The is operator verifies that the pointer is equal, and the == operator instead includes a calculation that depends on the type of objects.

A slight complication of this scheme is that if objects are immutable (for example, an integer), then for reasons of efficiency, the above code is really more like

  int *a = getFromCacheOrCreateNewInteger(1);

therefore sometimes (but this is an implementation detail) immutable objects can be the same object for is , even if they are created regardless of the logical point of view (for example, it can be 1+1 is 2-1 , but without guarantees):

 >>> 1+2 is 2+1 True >>> 99999+1 is 1+99999 False >>>

To add a little more confusion that even if really alla variables in Python are pointers, it is pretty surprising that there is no concept of a pointer in Python, in other words, there is no way to pass a function in which of your variables something should be stored.

To do this, you need to either pass the name (if the variable is global) or pass the setter function, which will be called (if the variable is local).

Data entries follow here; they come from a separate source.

lemma linear_roots_mod_quadratic:
  fixes r :: "'a::field poly"
  assumes char: "CHAR('a) = 2" and "b \<noteq> 0" and "degree r \<le> 1"
    and root: "[r ^ 2 + [:b:] * r + 1 = 0] (mod [:1, b, 1:])"
  shows "r = [:coeff r 0:] \<or> r = [:0, 1:] \<or> r = [:b, 1:]"
proof -
  define x y where "x = coeff r 0" and "y = coeff r 1"
  have r: "r = [:x, y:]"
  proof (rule poly_eqI)
    fix i
    show "coeff r i = coeff [:x, y:] i"
      using \<open>degree r \<le> 1\<close> coeff_eq_0[of r i]
      by (cases i) (auto simp: x_def y_def coeff_pCons split: nat.split)
  qed
  have two: "(2::'a) = 0"
    using two_eq_zero_if_CHAR_2[OF char] .
  have "r ^ 2 + [:b:] * r + 1 - smult (y ^ 2) [:1, b, 1:] = [:x^2 + b*x + 1 - y^2, b*y - b*y^2:]"
    unfolding r using two by (simp add: power2_eq_square algebra_simps one_pCons)
  moreover have "[:1, b, 1:] dvd r ^ 2 + [:b:] * r + 1 - smult (y ^ 2) [:1, b, 1:]"
    using root unfolding cong_0_iff by (intro dvd_diff dvd_smult dvd_refl)
  ultimately have x: "x^2 + b*x + 1 - y^2 = 0" and y: "b * (y - y^2) = 0"
    by (simp_all only: quadratic_dvd_linear_iff right_diff_distrib)
  from y \<open>b \<noteq> 0\<close> have "y * (1 - y) = 0"
    by (simp add: power2_eq_square algebra_simps)
  hence "y = 0 \<or> y = 1"
    by simp
  moreover have "x * (x + b) = 0" if "y = 1"
    using x that by (simp add: power2_eq_square algebra_simps)
  hence "x = 0 \<or> x = b" if "y = 1"
    using that uminus_CHAR_2[OF char, of b] by (auto simp: add_eq_0_iff)
  ultimately show ?thesis
    using r by auto
qed

lemma X_pow_card_mod_quadratic_cases:
  fixes b :: "'a::{finite,field}"
  assumes card: "CARD('a) = 2 ^ k" and "b \<noteq> 0"
  obtains x where "[[:0, 1:] ^ CARD('a) = [:x:]] (mod [:1, b, 1:])"
    | "[[:0, 1:] ^ CARD('a) = [:0, 1:]] (mod [:1, b, 1:])"
    | "[[:0, 1:] ^ CARD('a) = [:b, 1:]] (mod [:1, b, 1:])"
proof -
  define r where "r = [:0, 1:] ^ CARD('a) mod [:1, b, 1:]"
  have r: "[r = [:0, 1:] ^ CARD('a)] (mod [:1, b, 1:])"
    by (simp add: r_def)
  have "degree r \<le> 1"
    using degree_mod_less[of "[:1, b, 1:]" "[:0, 1:] ^ CARD('a)"] by (auto simp: r_def)
  moreover have "[r ^ 2 + [:b:] * r + 1 = ([:0, 1:] ^ CARD('a)) ^ 2 + [:b:] * [:0, 1:] ^ CARD('a) + 1]
      (mod [:1, b, 1:])"
    using r by (intro cong_add cong_mult cong_pow cong_refl)
  hence "[r ^ 2 + [:b:] * r + 1 = 0] (mod [:1, b, 1:])"
    using X_pow_card_root_mod_quadratic[OF card] by (rule cong_trans)
  ultimately have "r = [:coeff r 0:] \<or> r = [:0, 1:] \<or> r = [:b, 1:]"
    using linear_roots_mod_quadratic CHAR_eq_2_if_card_power_of_2[OF card] \<open>b \<noteq> 0\<close> by blast
  thus thesis
    using cong_sym[OF r] that by metis
qed

lemma X_pow_eq_one_mod_quadratic_cases:
  fixes b :: "'a::{finite,field}"
  assumes card: "CARD('a) = 2 ^ k"
  obtains "[[:0, 1:] ^ 2 = 1] (mod [:1, b, 1:])"
    | "[[:0, 1:] ^ (CARD('a) - 1) = 1] (mod [:1, b, 1:])"
    | "[[:0, 1:] ^ (CARD('a) * (CARD('a) - 1)) = 1] (mod [:1, b, 1:])"
    | "[[:0, 1:] ^ (CARD('a) + 1) = 1] (mod [:1, b, 1:])"
proof -
  let ?X = "[:0, 1:] :: 'a poly" and ?p = "[:1, b, 1:]" and ?q = "CARD('a)"
  have inv: "[?X * [:b, 1:] = 1] (mod ?p)"
    using X_times_inverse_mod_quadratic CHAR_eq_2_if_card_power_of_2[OF card] by blast
  have "card {0, 1 :: 'a} \<le> ?q"
    by (rule card_mono) simp_all
  hence "?q \<ge> 2"
    by simp
  show thesis
  proof (cases "b = 0")
    case True
    thus thesis
      using inv that(1) by (simp add: power2_eq_square)
  next
    case False
    then consider x where "[?X ^ ?q = [:x:]] (mod ?p)" | "[?X ^ ?q = ?X] (mod ?p)"
      | "[?X ^ ?q = [:b, 1:]] (mod ?p)"
      using X_pow_card_mod_quadratic_cases[OF card] by metis
    thus thesis
    proof cases
      case (1 x)
      have "?q * (?q - 1) + ?q = ?q * ?q"
        using \<open>?q \<ge> 2\<close> by (simp add: algebra_simps)
      hence "[?X ^ (?q * (?q - 1) + ?q) = [:x:] ^ ?q] (mod ?p)"
        using cong_pow[OF 1, of ?q] by (simp add: power_mult)
      also have "[:x:] ^ ?q = [:x:]"
        by (simp add: poly_const_pow field_power_card)
      also have "[[:x:] = ?X ^ ?q] (mod ?p)"
        using 1 by (rule cong_sym)
      finally show thesis
        using cong_pow_add_cancel[OF inv] that(3) by blast
    next
      case 2
      hence "[?X ^ ((?q - 1) + 1) = ?X ^ 1] (mod ?p)"
        using \<open>?q \<ge> 2\<close> by simp
      thus thesis
        using cong_pow_add_cancel[OF inv] that(2) by blast
    next
      case 3
      have "[?X ^ (?q + 1) = [:b, 1:] * ?X] (mod ?p)"
        using cong_scalar_right[OF 3, of ?X] by simp
      also have "[[:b, 1:] * ?X = 1] (mod ?p)"
        using inv by (simp add: mult.commute)
      finally show thesis
        by (rule that(4))
    qed
  qed
qed

lemma X_pow_order_mod_quadratic:
  fixes b :: "'a::{finite,field}"
  assumes card: "CARD('a) = 2 ^ k"
  shows "[[:0, 1:] ^ (CARD('a) * (CARD('a)^2 - 1)) = 1] (mod [:1, b, 1:])"
proof -
  let ?q = "CARD('a)"
  have order: "?q * (?q^2 - 1) = ?q * (?q - 1) * (?q + 1)"
    by (simp add: power2_eq_square algebra_simps diff_mult_distrib)
  have "2 dvd ?q"
    using CHAR_dvd_CARD[where 'a = 'a] CHAR_eq_2_if_card_power_of_2[OF card] by simp
  have dvds: "2 dvd ?q * (?q^2 - 1)" "?q - 1 dvd ?q * (?q^2 - 1)"
    "?q * (?q - 1) dvd ?q * (?q^2 - 1)" "?q + 1 dvd ?q * (?q^2 - 1)"
    unfolding order using \<open>2 dvd ?q\<close> by (simp_all only: dvd_mult2 dvd_triv_left dvd_triv_right)
  show ?thesis
    by (rule X_pow_eq_one_mod_quadratic_cases[OF card, of b]) (erule cong_pow_eq_one_dvd, rule dvds)+
qed

section \<open>Continuants\<close>

text \<open>In characteristic 2, \<open>continuant b k\<close> is the determinant of \<open>T_k(b)\<close>.\<close>

fun continuant :: "'a::comm_semiring_1 \<Rightarrow> nat \<Rightarrow> 'a" where
  "continuant b 0 = 1"
| "continuant b (Suc 0) = b"
| "continuant b (Suc (Suc k)) = b * continuant b (Suc k) + continuant b k"

lemma continuant_cassini:
  fixes b :: "'a::comm_ring_1"
  assumes "CHAR('a) = 2"
  shows "continuant b (Suc k) ^ 2 + continuant b (Suc (Suc k)) * continuant b k = 1"
proof (induction k)
  case 0
  show ?case
    using uminus_CHAR_2[OF assms, of "b * b"] by (simp add: power2_eq_square algebra_simps)
next
  case (Suc k)
  have "continuant b (Suc (Suc k)) ^ 2 + continuant b (Suc (Suc (Suc k))) * continuant b (Suc k)
      = continuant b (Suc k) ^ 2 + continuant b (Suc (Suc k)) * continuant b k
        + 2 * (b * continuant b (Suc (Suc k)) * continuant b (Suc k))"
    by (simp add: power2_eq_square algebra_simps)
  thus ?case
    using Suc two_eq_zero_if_CHAR_2[OF assms] by simp
qed

lemma X_pow_continuant:
  fixes b :: "'a::field"
  assumes char: "CHAR('a) = 2"
  shows "[[:0, 1:] ^ (k + 2) = [:continuant b k, continuant b (Suc k):]] (mod [:1, b, 1:])"
proof (induction k)
  case 0
  have "[:0, 1:] ^ (0 + 2) - [:continuant b 0, continuant b (Suc 0):] = [:1, b, 1:]"
    using uminus_CHAR_2[OF char] two_eq_zero_if_CHAR_2[OF char] by (simp add: power2_eq_square)
  thus ?case
    unfolding cong_iff_dvd_diff by (simp only: dvd_refl)
next
  case (Suc k)
  have "[:0, 1:] ^ (Suc k + 2) = [:0, 1:] * [:0, 1:] ^ (k + 2)"
    by simp
  also have "[\<dots> = [:0, 1:] * [:continuant b k, continuant b (Suc k):]] (mod [:1, b, 1:])"
    by (rule cong_scalar_left[OF Suc])
  also have "[:0, 1:] * [:continuant b k, continuant b (Suc k):]
      = [:continuant b (Suc k), continuant b (Suc (Suc k)):] + smult (continuant b (Suc k)) [:1, b, 1:]"
    using uminus_CHAR_2[OF char] two_eq_zero_if_CHAR_2[OF char] by simp
  also have "[\<dots> = [:continuant b (Suc k), continuant b (Suc (Suc k)):]] (mod [:1, b, 1:])"
    unfolding cong_iff_dvd_diff add_diff_cancel_left' by (intro dvd_smult dvd_refl)
  finally show ?case .
qed

lemma X_not_cong_one_mod_quadratic:
  fixes b c :: "'a::field"
  shows "\<not> [[:0, 1:] = 1] (mod [:c, b, 1:])"
proof -
  have "[:0, 1:] - 1 = [:- 1, 1::'a:]"
    by (simp add: one_pCons)
  thus ?thesis
    by (simp add: cong_iff_dvd_diff quadratic_dvd_linear_iff)
qed

lemma continuant_nonzero:
  fixes b :: "'a::{finite,field}"
  assumes card: "CARD('a) = 2 ^ k" and coprime: "coprime (n + 1) (CARD('a) * (CARD('a)^2 - 1))"
  shows "continuant b n \<noteq> 0"
proof
  assume zero: "continuant b n = 0"
  have char: "CHAR('a) = 2"
    by (rule CHAR_eq_2_if_card_power_of_2[OF card])
  obtain m where n: "n = Suc m"
    using zero by (cases n) auto
  have "continuant b m ^ 2 = 1"
    using continuant_cassini[OF char, of b m] zero n by (simp add: power2_eq_square)
  moreover have "(continuant b m + 1) ^ 2 = continuant b m ^ 2 + 1 ^ 2"
    using char by (intro freshmans_dream) simp_all
  ultimately have "continuant b m + 1 = 0"
    using two_eq_zero_if_CHAR_2[OF char] by simp
  hence "continuant b m = 1"
    using uminus_CHAR_2[OF char, of 1] by (simp flip: eq_neg_iff_add_eq_0)
  hence "[[:0, 1:] ^ (n + 1) = 1] (mod [:1, b, 1:])"
    using X_pow_continuant[OF char, of m b] zero n by (simp add: one_pCons)
  hence "[[:0, 1:] = 1] (mod [:1, b, 1:])"
    using X_pow_order_mod_quadratic[OF card] coprime by (rule cong_one_if_coprime_exponents)
  thus False
    using X_not_cong_one_mod_quadratic by blast
qed

section \<open>The tridiagonal Toeplitz operator\<close>

definition tridiag_mult :: "nat \<Rightarrow> 'a::comm_ring_1 \<Rightarrow> (nat \<Rightarrow> 'a) \<Rightarrow> nat \<Rightarrow> 'a" where
  "tridiag_mult n b w m = (if m < n then (\<Sum>k<n. tridiag_toeplitz n b m k * w k) else 0)"

lemma tridiag_toeplitz_sym: "tridiag_toeplitz n b i j = tridiag_toeplitz n b j i"
  unfolding tridiag_toeplitz_def by auto

lemma tridiag_mult_in_vecs: "tridiag_mult n b w \<in> vecs n"
  by (simp add: vecs_def tridiag_mult_def)

lemma tridiag_mult_add:
  "tridiag_mult n b (\<lambda>k. v k + w k) = (\<lambda>m. tridiag_mult n b v m + tridiag_mult n b w m)"
  by (simp add: tridiag_mult_def fun_eq_iff distrib_left sum.distrib)

lemma tridiag_mult_plus_one:
  assumes "w \<in> vecs n"
  shows "tridiag_mult n (b + 1) w = (\<lambda>m. tridiag_mult n b w m + w m)"
proof
  fix m
  have "(\<Sum>k<n. tridiag_toeplitz n (b + 1) m k * w k)
      = (\<Sum>k<n. tridiag_toeplitz n b m k * w k) + (\<Sum>k<n. if k = m then w k else 0)"
    if "m < n"
    unfolding sum.distrib[symmetric]
    by (rule sum.cong) (auto simp: tridiag_toeplitz_def that algebra_simps)
  thus "tridiag_mult n (b + 1) w m = tridiag_mult n b w m + w m"
    using assms by (simp add: tridiag_mult_def sum.delta vecs_def)
qed

lemma tridiag_mult_three_term:
  assumes w: "w \<in> vecs n" and m: "m < n"
  shows "tridiag_mult n b w m = (if m = 0 then 0 else w (m - 1)) + b * w m + w (Suc m)"
proof -
  have "(\<Sum>k<n. tridiag_toeplitz n b m k * w k)
      = (\<Sum>k<n. if Suc k = m then w k else 0) + (\<Sum>k<n. if k = m then b * w k else 0)
        + (\<Sum>k<n. if k = Suc m then w k else 0)"
    unfolding sum.distrib[symmetric]
    by (rule sum.cong) (auto simp: tridiag_toeplitz_def m)
  also have "(\<Sum>k<n. if Suc k = m then w k else 0) = (if m = 0 then 0 else w (m - 1))"
    using m by (cases m) (simp_all add: sum.delta)
  also have "(\<Sum>k<n. if k = Suc m then w k else 0) = w (Suc m)"
    using w by (simp add: sum.delta vecs_def)
  finally show ?thesis
    using m by (simp add: tridiag_mult_def sum.delta)
qed

lemma tridiag_mult_sym:
  "(\<Sum>k<n. tridiag_mult n b v k * w k) = (\<Sum>k<n. v k * tridiag_mult n b w k)"
proof -
  have "(\<Sum>k<n. tridiag_mult n b v k * w k) = (\<Sum>k<n. \<Sum>i<n. tridiag_toeplitz n b k i * v i * w k)"
    by (simp add: tridiag_mult_def sum_distrib_right)
  also have "\<dots> = (\<Sum>i<n. \<Sum>k<n. v i * (tridiag_toeplitz n b i k * w k))"
    by (subst sum.swap) (simp add: tridiag_toeplitz_sym mult_ac)
  also have "\<dots> = (\<Sum>i<n. v i * tridiag_mult n b w i)"
    by (simp add: tridiag_mult_def sum_distrib_left)
  finally show ?thesis .
qed

lemma tridiag_kernel_continuant:
  fixes w :: "nat \<Rightarrow> 'a::comm_ring_1"
  assumes char: "CHAR('a) = 2" and w: "w \<in> vecs n" and ker: "tridiag_mult n b w = (\<lambda>_. 0)"
  shows "Suc k \<le> n \<Longrightarrow> w k = w 0 * continuant b k \<and> w (Suc k) = w 0 * continuant b (Suc k)"
proof (induction k)
  case 0
  have "0 + b * w 0 + w (Suc 0) = 0"
    using tridiag_mult_three_term[OF w, of 0 b] ker 0 by simp
  thus ?case
    using uminus_CHAR_2[OF char] by (simp add: mult.commute flip: eq_neg_iff_add_eq_0)
next
  case (Suc k)
  hence "w (Suc k - 1) + b * w (Suc k) + w (Suc (Suc k)) = 0"
    using tridiag_mult_three_term[OF w, of "Suc k" b] ker by simp
  hence "w (Suc (Suc k)) = b * w (Suc k) + w k"
    using uminus_CHAR_2[OF char] by (simp add: add.commute flip: eq_neg_iff_add_eq_0)
  thus ?case
    using Suc by (simp add: algebra_simps)
qed

lemma tridiag_mult_eq_0_imp:
  fixes w :: "nat \<Rightarrow> 'a::field"
  assumes "CHAR('a) = 2" and w: "w \<in> vecs n" and "tridiag_mult n b w = (\<lambda>_. 0)"
    and "continuant b n \<noteq> 0"
  shows "w = (\<lambda>_. 0)"
proof (cases n)
  case (Suc m)
  have "w 0 * continuant b n = 0"
    using tridiag_kernel_continuant[OF assms(1-3), of m] w Suc by (simp add: vecs_def)
  hence "w 0 = 0"
    using assms(4) by simp
  show ?thesis
  proof
    fix k
    show "w k = 0"
    proof (cases "k < n")
      case True
      thus ?thesis
        using tridiag_kernel_continuant[OF assms(1-3), of k] \<open>w 0 = 0\<close> by simp
    qed (use w in \<open>simp add: vecs_def\<close>)
  qed
qed (use w in \<open>auto simp: vecs_def\<close>)

section \<open>The code \<open>C_n(a)\<close>\<close>

definition codeword :: "nat \<Rightarrow> 'a::comm_ring_1 \<Rightarrow> (nat \<Rightarrow> 'a) \<Rightarrow> nat \<Rightarrow> 'a" where
  "codeword n a u j = (if j < n then u j else if j < 2 * n then tridiag_mult n a u (j - n) else 0)"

This is not a big annoyance, as in most cases you just need a few return values, and this is handled well by Python:

 def foo(x): return x+1, x-1 a, b = foo(12)

Another annoyance is that if you really need to pass the setter to a local variable without a name (like a list item), this cannot be anonymous lambda , because assignment is an expression and lambda only one expression is allowed . However, you can define local functions for this ...

 def foo(x, setter): setter(x + 1) def bar(): mylocal = [1,2,3] def setFirst(value): mylocal[0] = value foo(32, setFirst)

(OK. I lied ... it is really possible to use lambda value: mylocal.__setitem__(0, value) , but this is a more or less undesirable incident; lambda so hateful in Python that, when they find out that it is possible, they will probably be added another restriction on the language to prohibit it ;-)).

If you want to change the named local, this is simply not possible in Python 2.x (but possibly with Python 3.x and nonlocal ).

About the question of when copies are made, and instead just copying the pointer, the answer is very simple. Python never makes a copy automatically ... if you want to make a copy, you must do it yourself explicitly. This is why, for example, code is often found, for example:

 class Polygon: def __init__(pointlist): self.pointlist = pointlist[:]

The designation [:] here means that the class instance wants to keep a copy of the transferred list, so that when you create an instance of Polygon with a list of points and then modify this list then the geometry does not change.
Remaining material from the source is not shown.